lemma ed_region_contains_nhd_if_dim:
  assumes "dim tangent_space \<le> local_dim (variety A a \<alpha>) x"
  shows "\<exists>U. open U \<and> x \<in> U \<and> U \<subseteq> ed_region A a \<alpha>"
proof -
  obtain \<rho> \<delta> \<psi> \<psi>' where "quad_chart_inverse A a \<alpha> x B \<rho> \<delta> \<psi> \<psi>'"
    by (rule quad_chart_inverse_exists)
  then interpret quad_chart_inverse A a \<alpha> x B \<rho> \<delta> \<psi> \<psi>' .
  show ?thesis using ed_region_contains_nhd assms .
qed

lemma rank_Jac: "rank (Jac A a \<alpha> x) = dim (span (range grad))"
proof -
  define D where "D h = (\<chi> i. 2 * (grad i \<bullet> h))" for h
  have "(fsys A a \<alpha> has_derivative D) (at x)"
    unfolding fsys_def[abs_def] D_def
    by (rule has_derivative_vec_componentwise) (simp add: grad_def has_derivative_quad[OF symmetric])
  then have "rank (Jac A a \<alpha> x) = rank (matrix D)"
    by (simp add: Jac_def jacobian_def frechet_derivative_at[symmetric] rank_transpose)
  also have "\<dots> = dim (rows (matrix D))" by (rule row_rank_def)
  also have "rows (matrix D) = range (\<lambda>i. 2 *\<^sub>R grad i)"
    by (auto simp: rows_def row_def matrix_def D_def vec_eq_iff inner_axis mult.commute)
  also have "dim \<dots> = dim (span (range (\<lambda>i. 2 *\<^sub>R grad i)))" by simp
  also have "span (range (\<lambda>i. 2 *\<^sub>R grad i)) = span (range grad)"
  proof (subst span_eq, intro conjI)
    show "range (\<lambda>i. 2 *\<^sub>R grad i) \<subseteq> span (range grad)"
      by (auto intro: span_mul span_base)
    have "grad i = (1/2) *\<^sub>R (2 *\<^sub>R grad i)" for i by simp
    then show "range grad \<subseteq> span (range (\<lambda>i. 2 *\<^sub>R grad i))"
      by (metis (no_types, lifting) image_subset_iff rangeI span_base span_mul)
  qed
  finally show ?thesis .
qed

lemma dim_tangent_space: "dim tangent_space + dim (span (range grad)) = CARD('n)"
proof -
  have "{y \<in> UNIV. \<forall>z \<in> span (range grad). orthogonal z y} = tangent_space"
  proof (intro set_eqI iffI)
    fix y assume "y \<in> {y \<in> UNIV. \<forall>z \<in> span (range grad). orthogonal z y}"
    then show "y \<in> tangent_space" by (auto simp: tangent_space_def orthogonal_def intro: span_base)
  next
    fix y assume y: "y \<in> tangent_space"
    have "orthogonal y z" if "z \<in> span (range grad)" for z
      by (rule orthogonal_to_span[OF that])
        (use y in \<open>auto simp: tangent_space_def orthogonal_def inner_commute\<close>)
    then show "y \<in> {y \<in> UNIV. \<forall>z \<in> span (range grad). orthogonal z y}"
      by (simp add: orthogonal_commute)
  qed
  then show ?thesis
    using dim_subspace_orthogonal_to_vectors[of "span (range grad)" UNIV] by simp
qed

end

theorem corollary4p2:
  fixes A :: "'m::finite \<Rightarrow> real^'n^'n" and a :: "'m \<Rightarrow> real^'n" and \<alpha> :: "'m \<Rightarrow> real"
    and x :: "real^'n"
  assumes sym: "\<And>i. transpose (A i) = A i"
    and xV: "x \<in> variety A a \<alpha>"
    and regular: "rank (Jac A a \<alpha> x) = local_codim (variety A a \<alpha>) x"
  shows "\<exists>U. open U \<and> x \<in> U \<and> U \<subseteq> ed_region A a \<alpha>"
proof -
  obtain B where B: "pairwise orthogonal B" "\<And>x. x \<in> B \<Longrightarrow> norm x = 1" "independent B"
      "span B = span (range (\<lambda>i. A i *v x + a i))"
    by (rule orthonormal_basis_subspace[OF subspace_span]) blast
  have "finite B" using B(3) independent_imp_finite by blast
  interpret quad_chart A a \<alpha> x B
    by unfold_locales (use sym xV B \<open>finite B\<close> in auto)
  have "local_dim (variety A a \<alpha>) x \<le> CARD('n)"
    using has_local_piece_le_card[OF has_local_piece_local_dim[OF xV]] .
  then have "dim tangent_space \<le> local_dim (variety A a \<alpha>) x"
    using regular rank_Jac dim_tangent_space by (simp add: local_codim_def)
  then show ?thesis by (rule ed_region_contains_nhd_if_dim)
qed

============================================================

--- PROBLEM TO WORK ON ---
Nothing in the material above may be skipped, so reproduce it all exactly.

--- WRITTEN SOLUTION ---
lemma ed_region_contains_nhd_if_dim:
  assumes "dim tangent_space \<le> local_dim (variety A a \<alpha>) x"
  shows "\<exists>U. open U \<and> x \<in> U \<and> U \<subseteq> ed_region A a \<alpha>"
proof -
  obtain \<rho> \<delta> \<psi> \<psi>' where "quad_chart_inverse A a \<alpha> x B \<rho> \<delta> \<psi> \<psi>'"
    by (rule quad_chart_inverse_exists)
  then interpret quad_chart_inverse A a \<alpha> x B \<rho> \<delta> \<psi> \<psi>' .
  show ?thesis using ed_region_contains_nhd assms .
qed

lemma rank_Jac: "rank (Jac A a \<alpha> x) = dim (span (range grad))"
proof -
  define D where "D h = (\<chi> i. 2 * (grad i \<bullet> h))" for h
  have "(fsys A a \<alpha> has_derivative D) (at x)"
    unfolding fsys_def[abs_def] D_def
    by (rule has_derivative_vec_componentwise) (simp add: grad_def has_derivative_quad[OF symmetric])
  then have "rank (Jac A a \<alpha> x) = rank (matrix D)"
    by (simp add: Jac_def jacobian_def frechet_derivative_at[symmetric] rank_transpose)
  also have "\<dots> = dim (rows (matrix D))" by (rule row_rank_def)
  also have "rows (matrix D) = range (\<lambda>i. 2 *\<^sub>R grad i)"
    by (auto simp: rows_def row_def matrix_def D_def vec_eq_iff inner_axis mult.commute)
  also have "dim \<dots> = dim (span (range (\<lambda>i. 2 *\<^sub>R grad i)))" by simp
  also have "span (range (\<lambda>i. 2 *\<^sub>R grad i)) = span (range grad)"
  proof (subst span_eq, intro conjI)
    show "range (\<lambda>i. 2 *\<^sub>R grad i) \<subseteq> span (range grad)"
      by (auto intro: span_mul span_base)
    have "grad i = (1/2) *\<^sub>R (2 *\<^sub>R grad i)" for i by simp
    then show "range grad \<subseteq> span (range (\<lambda>i. 2 *\<^sub>R grad i))"
      by (metis (no_types, lifting) image_subset_iff rangeI span_base span_mul)
  qed
  finally show ?thesis .
qed

lemma dim_tangent_space: "dim tangent_space + dim (span (range grad)) = CARD('n)"
proof -
  have "{y \<in> UNIV. \<forall>z \<in> span (range grad). orthogonal z y} = tangent_space"
  proof (intro set_eqI iffI)
    fix y assume "y \<in> {y \<in> UNIV. \<forall>z \<in> span (range grad). orthogonal z y}"
    then show "y \<in> tangent_space" by (auto simp: tangent_space_def orthogonal_def intro: span_base)
  next
    fix y assume y: "y \<in> tangent_space"
    have "orthogonal y z" if "z \<in> span (range grad)" for z
      by (rule orthogonal_to_span[OF that])
        (use y in \<open>auto simp: tangent_space_def orthogonal_def inner_commute\<close>)
    then show "y \<in> {y \<in> UNIV. \<forall>z \<in> span (range grad). orthogonal z y}"
      by (simp add: orthogonal_commute)
  qed
  then show ?thesis
    using dim_subspace_orthogonal_to_vectors[of "span (range grad)" UNIV] by simp
qed

end

theorem corollary4p2:
  fixes A :: "'m::finite \<Rightarrow> real^'n^'n" and a :: "'m \<Rightarrow> real^'n" and \<alpha> :: "'m \<Rightarrow> real"
    and x :: "real^'n"
  assumes sym: "\<And>i. transpose (A i) = A i"
    and xV: "x \<in> variety A a \<alpha>"
    and regular: "rank (Jac A a \<alpha> x) = local_codim (variety A a \<alpha>) x"
  shows "\<exists>U. open U \<and> x \<in> U \<and> U \<subseteq> ed_region A a \<alpha>"
proof -
  obtain B where B: "pairwise orthogonal B" "\<And>x. x \<in> B \<Longrightarrow> norm x = 1" "independent B"
      "span B = span (range (\<lambda>i. A i *v x + a i))"
    by (rule orthonormal_basis_subspace[OF subspace_span]) blast
  have "finite B" using B(3) independent_imp_finite by blast
  interpret quad_chart A a \<alpha> x B
    by unfold_locales (use sym xV B \<open>finite B\<close> in auto)
  have "local_dim (variety A a \<alpha>) x \<le> CARD('n)"
    using has_local_piece_le_card[OF has_local_piece_local_dim[OF xV]] .
  then have "dim tangent_space \<le> local_dim (variety A a \<alpha>) x"
    using regular rank_Jac dim_tangent_space by (simp add: local_codim_def)
  then show ?thesis by (rule ed_region_contains_nhd_if_dim)
qed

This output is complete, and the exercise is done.